Children need to "feel" alone, left to their own imagination, left to feel themselves, not under the supervision of an adult. This is a time they will feel truly free.
In this time, children will be experiencing emotions that they have no context to understand. They will be picking up on the adults sense of hyperawareness and the collective consciousness of anxiety, uncertainty and, significantly, grief. They are likely also feeling a sense of calm and joy in having their parents home with them all day, every day. All these changes are confusing, yet, with the gift of solitude, they can build the skills needed to process and cope with these emotions in a healthy way.
How do you give your child solitude?
- Be a model. Show your child that taking some time to yourself is to be respected and desired. Spend some time on your own, you might go on a walk, go to your sit spot or just be on the porch, just enjoy it, your child will understand.
-Allow your child to feel like they are wandering off in a safe space outdoors. You can behave as if your distracted and not watching them, but you can follow at a safe distance and tend them from afar. Avoid interacting with them. Allow them to "feel" alone. Trust them. Use your super stealth parent spy skills!
Spending time in their room alone, is good, but being outside is different....Why?
When we experience the sense of solitude outdoors, we are not alone. With the lack of stimulation from other humans, we pick up on the immense life that is all around us. We are capable of switching our awareness to the vast sky and the tiny ants. We find ourselves in the web of life. We find ourselves internally. This is where your child will really begin to know themselves.

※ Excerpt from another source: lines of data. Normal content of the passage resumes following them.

lemma det_mat_4:
  fixes f :: "nat \<times> nat \<Rightarrow> 'a::comm_ring_1"
  shows "det (mat 4 4 f) =
     f(0,0)*(f(1,1)*(f(2,2)*f(3,3)-f(2,3)*f(3,2)) - f(1,2)*(f(2,1)*f(3,3)-f(2,3)*f(3,1)) + f(1,3)*(f(2,1)*f(3,2)-f(2,2)*f(3,1)))
   - f(0,1)*(f(1,0)*(f(2,2)*f(3,3)-f(2,3)*f(3,2)) - f(1,2)*(f(2,0)*f(3,3)-f(2,3)*f(3,0)) + f(1,3)*(f(2,0)*f(3,2)-f(2,2)*f(3,0)))
   + f(0,2)*(f(1,0)*(f(2,1)*f(3,3)-f(2,3)*f(3,1)) - f(1,1)*(f(2,0)*f(3,3)-f(2,3)*f(3,0)) + f(1,3)*(f(2,0)*f(3,1)-f(2,1)*f(3,0)))
   - f(0,3)*(f(1,0)*(f(2,1)*f(3,2)-f(2,2)*f(3,1)) - f(1,1)*(f(2,0)*f(3,2)-f(2,2)*f(3,0)) + f(1,2)*(f(2,0)*f(3,1)-f(2,1)*f(3,0)))"
proof -
  have "(4::nat) = Suc 3" by simp
  then show ?thesis by (simp only:) (simp add: det_mat_Suc det_mat_3 eval_nat_numeral algebra_simps)
qed

lemma A_stableI:
  assumes "\<And>z. Re z \<le> 0 \<Longrightarrow> stab_den s A z \<noteq> 0"
    and "\<And>z. Re z \<le> 0 \<Longrightarrow> cmod (stab_num s A b z) \<le> cmod (stab_den s A z)"
  shows "A_stable s A b"
  using assms
  by (auto simp: A_stable_def stab_domain_def stab_fun_def norm_divide divide_le_eq_1)

lemma rt_order_ge_1: "1 \<le> rt_order t"
  by (cases t) simp

lemma prod_list_power_divide:
  "prod_list (map (\<lambda>u. (x::real) ^ f u / real (g u)) us) =
   x ^ sum_list (map f us) / real (prod_list (map g us))"
  by (induction us) (auto simp: power_add)

lemma rt_stage_weight_cond_C:
  assumes C: "cond_C s c A q" and "rt_order t \<le> Suc q" and "i < s"
  shows "rt_stage_weight s A t i = c i ^ (rt_order t - 1) * rt_order t / rt_gamma t"
  using assms(2,3)
proof (induction t arbitrary: i)
  case (RNode ts)
  have subtree: "(\<Sum>j<s. A i j * rt_stage_weight s A u j) = c i ^ rt_order u / rt_gamma u"
    if u: "u \<in> set ts" for u
  proof -
    have "rt_order u \<le> q"
      using RNode.prems(1) u member_le_sum_list[of "rt_order u" "map rt_order ts"] by auto
    then have "(\<Sum>j<s. A i j * rt_stage_weight s A u j)
        = (\<Sum>j<s. A i j * c j ^ (rt_order u - 1)) * (rt_order u / rt_gamma u)"
      unfolding sum_distrib_right using RNode.IH[OF u] by (intro sum.cong) auto
    also have "(\<Sum>j<s. A i j * c j ^ (rt_order u - 1)) = c i ^ rt_order u / rt_order u"
      using C \<open>rt_order u \<le> q\<close> rt_order_ge_1[of u] RNode.prems(2) unfolding cond_C_def by auto
    finally show ?thesis
      using rt_order_ge_1[of u] by simp
  qed
  have "rt_stage_weight s A (RNode ts) i = prod_list (map (\<lambda>u. c i ^ rt_order u / rt_gamma u) ts)"
    by (simp cong: map_cong add: subtree)
  also have "\<dots> = c i ^ sum_list (map rt_order ts) / prod_list (map rt_gamma ts)"
    by (rule prod_list_power_divide)
  also have "\<dots> = c i ^ (rt_order (RNode ts) - 1) * rt_order (RNode ts) / rt_gamma (RNode ts)"
  proof -
    define \<rho> where "\<rho> = rt_order (RNode ts)"
    have "\<rho> - 1 = sum_list (map rt_order ts)" and "1 \<le> \<rho>"
      and "rt_gamma (RNode ts) = \<rho> * prod_list (map rt_gamma ts)"
      by (simp_all add: \<rho>_def)
    then show ?thesis
      unfolding \<rho>_def[symmetric] by simp
  qed
  finally show ?case .
qed

lemma elem_weight_cond_B_cond_C:
  assumes "cond_B s c b p" and "cond_C s c A q"
    and "rt_order t \<le> p" and "rt_order t \<le> Suc q"
  shows "elem_weight s A b t = 1 / rt_gamma t"
proof -
  have "elem_weight s A b t = (\<Sum>i<s. b i * c i ^ (rt_order t - 1)) * (rt_order t / rt_gamma t)"
    unfolding elem_weight_def sum_distrib_right
    using rt_stage_weight_cond_C[OF assms(2,4)] by (intro sum.cong) auto
  also have "(\<Sum>i<s. b i * c i ^ (rt_order t - 1)) = 1 / rt_order t"
    using assms(1,3) rt_order_ge_1[of t] unfolding cond_B_def by auto
  finally show ?thesis
    using rt_order_ge_1[of t] by simp
qed

lemma row_sum_cond_C:
  assumes "cond_C s c A q" and "1 \<le> q" and "i < s"
  shows "c i = (\<Sum>j<s. A i j)"
  using assms unfolding cond_C_def by (auto dest!: bspec[of _ _ 1])

lemma rk_order_conditions_cond_B_cond_C:
  assumes B: "cond_B s c b p" and C: "cond_C s c A q" and "1 \<le> q" and "p \<le> Suc q"
  shows "rk_order_conditions s c A b p"
  unfolding rk_order_conditions_def
proof (intro conjI allI impI)
  fix i assume "i < s"
  then show "c i = (\<Sum>j<s. A i j)"
    by (rule row_sum_cond_C[OF C \<open>1 \<le> q\<close>])
next
  fix t assume "rt_order t \<le> p"
  with \<open>p \<le> Suc q\<close> show "elem_weight s A b t = 1 / rt_gamma t"
    by (intro elem_weight_cond_B_cond_C[OF B C]) simp_all
qed

definition bush :: "nat \<Rightarrow> rtree" where
  "bush k = RNode (replicate k (RNode []))"

lemma rt_order_bush [simp]: "rt_order (bush k) = Suc k"
  by (simp add: bush_def sum_list_replicate)

lemma rt_gamma_bush [simp]: "rt_gamma (bush k) = Suc k"
  by (simp add: bush_def sum_list_replicate)

lemma rt_stage_weight_bush: "rt_stage_weight s A (bush k) i = (\<Sum>j<s. A i j) ^ k"
  by (simp add: bush_def)

lemma cond_B_rk_order_conditions:
  assumes "rk_order_conditions s c A b p"
  shows "cond_B s c b p"
  unfolding cond_B_def
proof
  fix k assume k: "k \<in> {1..p}"
  have row_sums: "\<forall>i<s. c i = (\<Sum>j<s. A i j)"
    using assms unfolding rk_order_conditions_def by blast
  have "elem_weight s A b (bush (k - 1)) = (\<Sum>i<s. b i * c i ^ (k - 1))"
    unfolding elem_weight_def rt_stage_weight_bush using row_sums by simp
  moreover have "elem_weight s A b (bush (k - 1)) = 1 / k"
    using assms k unfolding rk_order_conditions_def by simp
  ultimately show "(\<Sum>i<s. b i * c i ^ (k - 1)) = 1 / k"
    by simp
qed

lemma cond_B_mono: "cond_B s c b p \<Longrightarrow> p' \<le> p \<Longrightarrow> cond_B s c b p'"
  unfolding cond_B_def by auto

lemma cond_C_mono: "cond_C s c A q \<Longrightarrow> q' \<le> q \<Longrightarrow> cond_C s c A q'"
  unfolding cond_C_def by auto

definition pade33 :: "complex \<Rightarrow> complex" where
  "pade33 z = 1 + z/2 + z^2/10 + z^3/120"

lemma norm_pade33_minus_sq:
  fixes z :: complex
  defines "u \<equiv> - Re z" and "y \<equiv> Im z"
  shows "14400 * cmod (pade33 (-z))^2 = 14400 + 720*y^2 + 24*y^4 + y^6 + u*(14400 + 720*y^2 + 24*y^4)
     + u^2*(6480 + 288*y^2 + 3*y^4) + u^3*(1680 + 48*y^2) + u^4*(264 + 3*y^2) + u^5*24 + u^6"
  unfolding u_def y_def pade33_def cmod_power2
  by (simp add: power2_eq_square power3_eq_cube field_simps) (simp add: algebra_simps eval_nat_numeral)

lemma norm_pade33_minus_sq_diff:
  fixes z :: complex
  defines "u \<equiv> - Re z" and "y \<equiv> Im z"
  shows "14400 * (cmod (pade33 (-z))^2 - cmod (pade33 z)^2) =
    u * (28800 + 1440*y^2 + 48*y^4 + 3360*u^2 + 96*u^2*y^2 + 48*u^4)"
  unfolding u_def y_def pade33_def cmod_power2
  by (simp add: power2_eq_square power3_eq_cube field_simps) (simp add: algebra_simps eval_nat_numeral)

lemma norm_pade33_minus_ge_1:
  assumes "Re z \<le> 0"
  shows "1 \<le> cmod (pade33 (-z))"
proof -
  have bound: "14400 \<le> 14400 + 720*y^2 + 24*y^4 + y^6 + u*(14400 + 720*y^2 + 24*y^4)
     + u^2*(6480 + 288*y^2 + 3*y^4) + u^3*(1680 + 48*y^2) + u^4*(264 + 3*y^2) + u^5*24 + u^6"
    if "0 \<le> u" for u y :: real
    using that by (simp add: zero_le_even_power)
  have "14400 \<le> 14400 * cmod (pade33 (-z))^2"
    unfolding norm_pade33_minus_sq by (rule bound) (use assms in simp)
  then show ?thesis
    using power2_le_imp_le[of 1 "cmod (pade33 (-z))"] by simp
qed

lemma norm_pade33_le_minus:
  assumes "Re z \<le> 0"
  shows "cmod (pade33 z) \<le> cmod (pade33 (-z))"
proof -
  have nonneg: "0 \<le> u * (28800 + 1440*y^2 + 48*y^4 + 3360*u^2 + 96*u^2*y^2 + 48*u^4)"
    if "0 \<le> u" for u y :: real
    using that by (simp add: zero_le_even_power)
  have "0 \<le> 14400 * (cmod (pade33 (-z))^2 - cmod (pade33 z)^2)"
    unfolding norm_pade33_minus_sq_diff by (rule nonneg) (use assms in simp)
  then show ?thesis
    by (simp add: abs_le_square_iff[symmetric])
qed

lemma tab_stab_num: "stab_num 4 tab_A tab_b z = pade33 z"
  unfolding stab_num_def det_mat_4 pade33_def
  by (simp add: tab_A_def tab_b_def field_simps power2_eq_square power3_eq_cube)

lemma tab_stab_den: "stab_den 4 tab_A z = pade33 (-z)"
  unfolding stab_den_def det_mat_4 pade33_def
  by (simp add: tab_A_def field_simps power2_eq_square power3_eq_cube)

lemma tab_cond_B_4: "cond_B 4 tab_c tab_b 4"
  unfolding cond_B_def
proof
  fix k :: nat assume "k \<in> {1..4}"
  then consider "k = 1" | "k = 2" | "k = 3" | "k = 4"
    by fastforce
  then show "(\<Sum>i<4. tab_b i * tab_c i ^ (k - 1)) = 1 / k"
    by cases (simp_all add: eval_nat_numeral tab_b_def tab_c_def)
qed

lemma tab_not_cond_B_5: "\<not> cond_B 4 tab_c tab_b 5"
proof
  assume "cond_B 4 tab_c tab_b 5"
  then have "(\<Sum>i<4. tab_b i * tab_c i ^ (5 - 1)) = 1 / real 5"
    unfolding cond_B_def by (rule bspec) simp
  moreover have "(\<Sum>i<4. tab_b i * tab_c i ^ 4) = 11 / 54"
    by (simp add: eval_nat_numeral tab_b_def tab_c_def)
  ultimately show False
    by simp
qed

lemma tab_cond_C_3: "cond_C 4 tab_c tab_A 3"
  unfolding cond_C_def
proof (intro ballI allI impI)
  fix k i :: nat assume "k \<in> {1..3}" and "i < 4"
  then consider "k = 1" | "k = 2" | "k = 3"
    by fastforce
  then show "(\<Sum>j<4. tab_A i j * tab_c j ^ (k - 1)) = tab_c i ^ k / k"
    using \<open>i < 4\<close> by cases (auto simp: eval_nat_numeral less_Suc_eq tab_A_def tab_c_def)
qed

lemma tab_not_cond_C_4: "\<not> cond_C 4 tab_c tab_A 4"
proof
  assume "cond_C 4 tab_c tab_A 4"
  then have "(\<Sum>j<4. tab_A 1 j * tab_c j ^ (4 - 1)) = tab_c 1 ^ 4 / real 4"
    unfolding cond_C_def by (auto dest!: bspec[where x = 4])
  moreover have "(\<Sum>j<4. tab_A 1 j * tab_c j ^ 3) = 1 / 540" and "tab_c 1 ^ 4 / 4 = 1 / 324"
    by (simp_all add: eval_nat_numeral tab_A_def tab_c_def)
  ultimately show False
    by simp
qed

theorem theorem3p1:
  shows "stiffly_accurate 4 tab_A tab_b \<and> explicit_first_line 4 tab_A \<and>
         A_stable 4 tab_A tab_b \<and> rk_order 4 tab_c tab_A tab_b 4 \<and>
         stage_order 4 tab_c tab_A tab_b 3"
proof (intro conjI)
  show "stiffly_accurate 4 tab_A tab_b"
    by (auto simp: stiffly_accurate_def tab_A_def tab_b_def eval_nat_numeral less_Suc_eq)
  show "explicit_first_line 4 tab_A"
    by (auto simp: explicit_first_line_def tab_A_def eval_nat_numeral less_Suc_eq)
  show "A_stable 4 tab_A tab_b"
    using norm_pade33_minus_ge_1 norm_pade33_le_minus
    by (intro A_stableI) (fastforce simp: tab_stab_num tab_stab_den)+
  show "rk_order 4 tab_c tab_A tab_b 4"
    using rk_order_conditions_cond_B_cond_C[OF tab_cond_B_4 tab_cond_C_3]
      tab_not_cond_B_5 cond_B_rk_order_conditions
    by (auto simp: rk_order_def)
  show "stage_order 4 tab_c tab_A tab_b 3"
    using tab_cond_B_4 tab_cond_C_3 tab_not_cond_C_4 cond_B_mono cond_C_mono
    by (auto simp: stage_order_def)
qed

end
lemma derivable_Cond_Imp_SNeg:
  assumes "derivable G (Imp (SNeg (Cond a b)) (Cond a c))"
  shows "derivable G (Cond a (Imp (SNeg b) c))"
proof -
  have "provable (Imp (Dia a (SNeg b)) (SNeg (Cond a b)))"
    unfolding Dia_def using provable_IffD(1)[OF N1] by (rule provable_SNeg_Cond_mono)
  from dthm[OF this] assms have "derivable G (Imp (Dia a (SNeg b)) (Cond a c))"
    by (rule derivable_imp_trans)
  then show ?thesis by (rule dmp[OF dthm[OF A3]])
qed

lemma derivable_Cond_from_SNeg_Conds:
  assumes "derivable (G \<union> {SNeg (Cond a b) | b. SNeg b \<in> Q}) (Cond a c)"
  shows "\<exists>d. derivable G (Cond a d) \<and> derivable (insert d Q) c"
proof -
  have "\<exists>d. derivable G (Cond a d) \<and> derivable (insert d Q) c"
    if "finite F" "F \<subseteq> {SNeg (Cond a b) | b. SNeg b \<in> Q}" "derivable (G \<union> F) (Cond a c)" for F G
    using that
  proof (induction F arbitrary: G rule: finite_induct)
    case empty
    moreover have "derivable (insert c Q) c" by (rule dprem) simp
    ultimately show ?case by auto
  next
    case (insert x F)
    obtain b where x: "x = SNeg (Cond a b)" "SNeg b \<in> Q" using insert.prems(1) by auto
    have "derivable (insert x G \<union> F) (Cond a c)" using insert.prems(2) by simp
    then obtain d where d: "derivable (insert x G) (Cond a d)" "derivable (insert d Q) c"
      using insert.IH insert.prems(1) by blast
    from d(1) have "derivable G (Cond a (Imp (SNeg b) d))"
      by (simp add: x deduction_theorem[symmetric] derivable_Cond_Imp_SNeg)
    moreover have "derivable (insert (Imp (SNeg b) d) Q) c"
    proof -
      let ?Q = "insert (Imp (SNeg b) d) Q"
      have "derivable ?Q (Imp (SNeg b) d)" "derivable ?Q (SNeg b)"
        using x(2) by (auto intro: dprem)
      then have "derivable ?Q d" by (rule dmp)
      moreover have "derivable (insert d ?Q) c" using d(2) by (rule derivable_mono) blast
      ultimately show ?thesis by (rule derivable_cut[rotated])
    qed
    ultimately show ?case by blast
  qed
  with assms show ?thesis by (blast elim: derivable_compact_Un)
qed

lemma maximal_SNeg_Cond_Conj_mem:
  assumes "maximal p" and "SNeg (Cond a (Conj b c)) \<in> fst p"
  shows "SNeg (Cond a b) \<in> fst p \<or> SNeg (Cond a c) \<in> fst p"
proof -
  have "provable (Imp (SNeg (Cond a (Conj b c))) (Disj (SNeg (Cond a b)) (SNeg (Cond a c))))"
    using provable_A1(4) provable_IffD(1)[OF N2] by (rule provable_imp_trans)
  from maximal_provable_imp_mem[OF assms(1) this assms(2)] show ?thesis
    by (rule maximal_Disj_mem[OF assms(1)])
qed

section \<open>The canonical model\<close>

lemma provable_SIff_if_ext_eq:
  assumes "ext_pos a = ext_pos b" and "ext_neg a = ext_neg b"
  shows "provable (SIff a b)"
proof -
  have "a \<in> fst p \<longleftrightarrow> b \<in> fst p" "SNeg a \<in> fst p \<longleftrightarrow> SNeg b \<in> fst p" if "maximal p" for p
    using arg_cong[OF assms(1), of "\<lambda>X. p \<in> X"] arg_cong[OF assms(2), of "\<lambda>X. p \<in> X"] that
    by (simp_all add: ext_pos_def ext_neg_def)
  then show ?thesis
    unfolding provable_SIff_iff by (blast intro: provable_imp_if_maximal_mem)
qed

lemma cond_c_iff:
  "cond_c a p q \<longleftrightarrow>
     (\<forall>b. Cond a b \<in> fst p \<longrightarrow> b \<in> fst q) \<and> (\<forall>b. SNeg b \<in> fst q \<longrightarrow> SNeg (Cond a b) \<in> fst p)"
  by (auto simp: cond_c_def)

lemma cond_c_cong:
  assumes "provable (SIff a b)" and "maximal p"
  shows "cond_c a p q \<longleftrightarrow> cond_c b p q"
proof -
  have "provable (SIff (Cond a c) (Cond b c))" for c using assms(1) by (rule RA)
  then have "Cond a c \<in> fst p \<longleftrightarrow> Cond b c \<in> fst p"
    "SNeg (Cond a c) \<in> fst p \<longleftrightarrow> SNeg (Cond b c) \<in> fst p" for c
    unfolding provable_SIff_iff using maximal_provable_imp_mem[OF assms(2)] by blast+
  then show ?thesis unfolding cond_c_iff by simp
qed

lemma cond_c_extend_world:
  assumes p': "maximal p'" and q: "maximal q" and le: "fst p \<subseteq> fst p'" and R: "cond_c a p q"
  shows "\<exists>q'\<in>Wc. fst q \<subseteq> fst q' \<and> cond_c a p' q'"
proof -
  let ?S = "{b. Cond a b \<in> fst p'}"
  let ?D = "{SNeg b | b. SNeg (Cond a b) \<notin> fst p'}"
  have "\<not> entails (fst q \<union> ?S) ?D"
  proof
    assume "entails (fst q \<union> ?S) ?D"
    moreover have "\<exists>f\<in>?D. provable (Imp (Disj d e) f)" if de: "d \<in> ?D" "e \<in> ?D" for d e
    proof -
      obtain b c where bc: "d = SNeg b" "e = SNeg c"
        "SNeg (Cond a b) \<notin> fst p'" "SNeg (Cond a c) \<notin> fst p'"
        using de by blast
      then have "SNeg (Conj b c) \<in> ?D" using maximal_SNeg_Cond_Conj_mem[OF p'] by blast
      moreover have "provable (Imp (Disj d e) (SNeg (Conj b c)))"
        using provable_IffD(2)[OF N2] by (simp add: bc(1,2))
      ultimately show ?thesis ..
    qed
    ultimately have "\<exists>d\<in>?D. derivable (fst q \<union> ?S) d" by (rule entails_Disj_closed)
    then obtain c where c: "SNeg (Cond a c) \<notin> fst p'" "derivable (fst q \<union> ?S) (SNeg c)"
      by blast
    have "Imp (Var 0) (Var 0) \<in> ?S" using maximal_provable_mem[OF p' A4] by simp
    moreover have "Conj x y \<in> ?S" if "x \<in> ?S" "y \<in> ?S" for x y
      using that maximal_Conj_mem[OF p'] maximal_provable_imp_mem[OF p' provable_A1(2)] by simp
    ultimately obtain b where b: "Cond a b \<in> fst p'" "derivable (fst q) (Imp b (SNeg c))"
      using derivable_Un_Conj_closed[OF c(2)] by blast
    from b(2) have "Imp b (SNeg c) \<in> fst q" by (rule maximal_derivable_mem[OF q])
    then have "SNeg (SNeg (Imp b (SNeg c))) \<in> fst q"
      by (rule maximal_provable_imp_mem[OF q provable_IffD(2)[OF N1]])
    then have "Dia a (Imp b (SNeg c)) \<in> fst p'"
      using R le unfolding cond_c_iff Dia_def by blast
    then have "Conj (Dia a (Imp b (SNeg c))) (Cond a b) \<in> fst p'"
      using b(1) by (rule maximal_Conj_mem[OF p'])
    then have "SNeg (Cond a c) \<in> fst p'"
      by (rule maximal_provable_imp_mem[OF p' provable_Dia_Imp_Cond])
    with c(1) show False ..
  qed
  then obtain H where H: "fst q \<union> ?S \<subseteq> H" "?D \<inter> H = {}" "maximal (H, - H)"
    by (rule lindenbaum)
  then have "cond_c a p' (H, - H)" unfolding cond_c_iff by auto
  with H show ?thesis by auto
qed

lemma cond_c_extend_successor:
  assumes p: "maximal p" and q': "maximal q'" and le: "fst q \<subseteq> fst q'" and R: "cond_c a p q"
  shows "\<exists>p'\<in>Wc. fst p \<subseteq> fst p' \<and> cond_c a p' q'"
proof -
  let ?N = "{SNeg (Cond a b) | b. SNeg b \<in> fst q'}"
  let ?P = "{Cond a c | c. c \<notin> fst q'}"
  have "\<not> entails (fst p \<union> ?N) ?P"
  proof
    assume "entails (fst p \<union> ?N) ?P"
    moreover have "\<exists>f\<in>?P. provable (Imp (Disj d e) f)" if de: "d \<in> ?P" "e \<in> ?P" for d e
    proof -
      obtain b c where bc: "d = Cond a b" "e = Cond a c" "b \<notin> fst q'" "c \<notin> fst q'"
        using de by blast
      then have "Cond a (Disj b c) \<in> ?P" using maximal_Disj_mem[OF q'] by blast
      moreover have "provable (Imp (Disj d e) (Cond a (Disj b c)))"
        unfolding bc(1,2) by (intro provable_Disj_imp provable_Cond_mono DI1 DI2)
      ultimately show ?thesis ..
    qed
    ultimately have "\<exists>d\<in>?P. derivable (fst p \<union> ?N) d" by (rule entails_Disj_closed)
    then obtain c where c: "c \<notin> fst q'" "derivable (fst p \<union> ?N) (Cond a c)"
      by blast
    then obtain d where d: "derivable (fst p) (Cond a d)" "derivable (insert d (fst q')) c"
      using derivable_Cond_from_SNeg_Conds by blast
    from d(1) have "Cond a d \<in> fst p" by (rule maximal_derivable_mem[OF p])
    with R le have "d \<in> fst q'" unfolding cond_c_iff by blast
    then have "derivable (fst q') c" by (intro derivable_cut[OF d(2)] dprem)
    with c(1) show False using maximal_derivable_mem[OF q'] by blast
  qed
  then obtain H where H: "fst p \<union> ?N \<subseteq> H" "?P \<inter> H = {}" "maximal (H, - H)"
    by (rule lindenbaum)
  then have "cond_c a (H, - H) q'" unfolding cond_c_iff by auto
  with H show ?thesis by auto
qed

lemma R_c_extend_world:
  assumes "w' \<in> Wc" and "leq_c w w'" and "R_c w XY v"
  shows "\<exists>v'\<in>Wc. leq_c v v' \<and> R_c w' XY v'"
proof -
  obtain a where a: "fst XY = ext_pos a" "snd XY = ext_neg a" "cond_c a w v" and v: "v \<in> Wc"
    using assms(3) unfolding R_c_def by blast
  have "\<exists>v'\<in>Wc. fst v \<subseteq> fst v' \<and> cond_c a w' v'"
    using assms(1) v assms(2) a(3) unfolding leq_c_def mem_Wc by (rule cond_c_extend_world)
  then obtain v' where "v' \<in> Wc" "fst v \<subseteq> fst v'" "cond_c a w' v'" by blast
  with a(1,2) assms(1) show ?thesis unfolding R_c_def leq_c_def by blast
qed

lemma R_c_extend_successor:
  assumes "v' \<in> Wc" and "leq_c v v'" and "R_c w XY v"
  shows "\<exists>w'\<in>Wc. leq_c w w' \<and> R_c w' XY v'"
proof -
  obtain a where a: "fst XY = ext_pos a" "snd XY = ext_neg a" "cond_c a w v" and w: "w \<in> Wc"
    using assms(3) unfolding R_c_def by blast
  have "\<exists>w'\<in>Wc. fst w \<subseteq> fst w' \<and> cond_c a w' v'"
    using w assms(1) assms(2) a(3) unfolding leq_c_def mem_Wc by (rule cond_c_extend_successor)
  then obtain w' where "w' \<in> Wc" "fst w \<subseteq> fst w'" "cond_c a w' v'" by blast
  with a(1,2) assms(1) show ?thesis unfolding R_c_def leq_c_def by blast
qed

text \<open>Reading strong negation classically and every conditional as true validates N4CK,
  so the logic is consistent.\<close>
fun trivially_holds :: "fm \<Rightarrow> bool" where
  "trivially_holds (Var n) = False"
| "trivially_holds (Conj a b) = (trivially_holds a \<and> trivially_holds b)"
| "trivially_holds (Disj a b) = (trivially_holds a \<or> trivially_holds b)"
| "trivially_holds (Imp a b) = (trivially_holds a \<longrightarrow> trivially_holds b)"
| "trivially_holds (SNeg a) = (\<not> trivially_holds a)"
| "trivially_holds (Cond a b) = True"

lemma provable_trivially_holds: "provable a \<Longrightarrow> trivially_holds a"
  by (induction rule: provable.induct) (auto simp: Iff_def SImp_def SIff_def Dia_def)

lemma Wc_nonempty: "Wc \<noteq> {}"
proof -
  have "\<not> entails {} {Var 0}"
    using provable_trivially_holds by (fastforce simp: entails_singleton_iff derivable_empty_iff)
  then obtain H where "maximal (H, - H)" by (rule lindenbaum)
  then show ?thesis by auto
qed

theorem lemma10:
  shows "(\<forall>a a'. ext_pos a = ext_pos a' \<and> ext_neg a = ext_neg a' \<longrightarrow>
            (\<forall>p\<in>Wc. \<forall>q\<in>Wc. cond_c a p q \<longleftrightarrow> cond_c a' p q))
         \<and> nelson_model Wc leq_c R_c Vp_c Vm_c"
proof (intro conjI)
  show "\<forall>a a'. ext_pos a = ext_pos a' \<and> ext_neg a = ext_neg a' \<longrightarrow>
            (\<forall>p\<in>Wc. \<forall>q\<in>Wc. cond_c a p q \<longleftrightarrow> cond_c a' p q)"
    using cond_c_cong provable_SIff_if_ext_eq mem_Wc by meson
  show "nelson_model Wc leq_c R_c Vp_c Vm_c"
    unfolding nelson_model_def
  proof (intro conjI)
    show "Wc \<noteq> {}" by (rule Wc_nonempty)
    show "\<forall>X Y. \<forall>w\<in>Wc. \<forall>w'\<in>Wc. \<forall>v\<in>Wc. leq_c w w' \<and> R_c w (X, Y) v \<longrightarrow>
          (\<exists>v'\<in>Wc. leq_c v v' \<and> R_c w' (X, Y) v')"
      using R_c_extend_world by blast
    show "\<forall>X Y. \<forall>w\<in>Wc. \<forall>v\<in>Wc. \<forall>v'\<in>Wc. R_c w (X, Y) v \<and> leq_c v v' \<longrightarrow>
          (\<exists>w'\<in>Wc. leq_c w w' \<and> R_c w' (X, Y) v')"
      using R_c_extend_successor by blast
  qed (unfold leq_c_def Vp_c_def Vm_c_def R_c_def ext_pos_def ext_neg_def, blast+)
qed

Mother Earth is our home, she's bigger than anything we can touch, hold or feel. When emotions are bigger than we can hold, Mama Earth holds them for us. Out on the land is where we build those connections to empathy, trust, wonder, gratitude and the true nature of our purpose. We all know this, because we have each been overwhelmed at some point in our lives and have turned to the sky, the mountains, a bird, a plant, the sunset, the stars or the sea to guide us inward.
Children are connected beings, they need to stay connected. Giving them solitude in nature is one of the best parenting skills you can rely on. Let go of being a supervisor and become a ninja parent with super spy skills...you might find yourself in a state of solitude while your at it. ;)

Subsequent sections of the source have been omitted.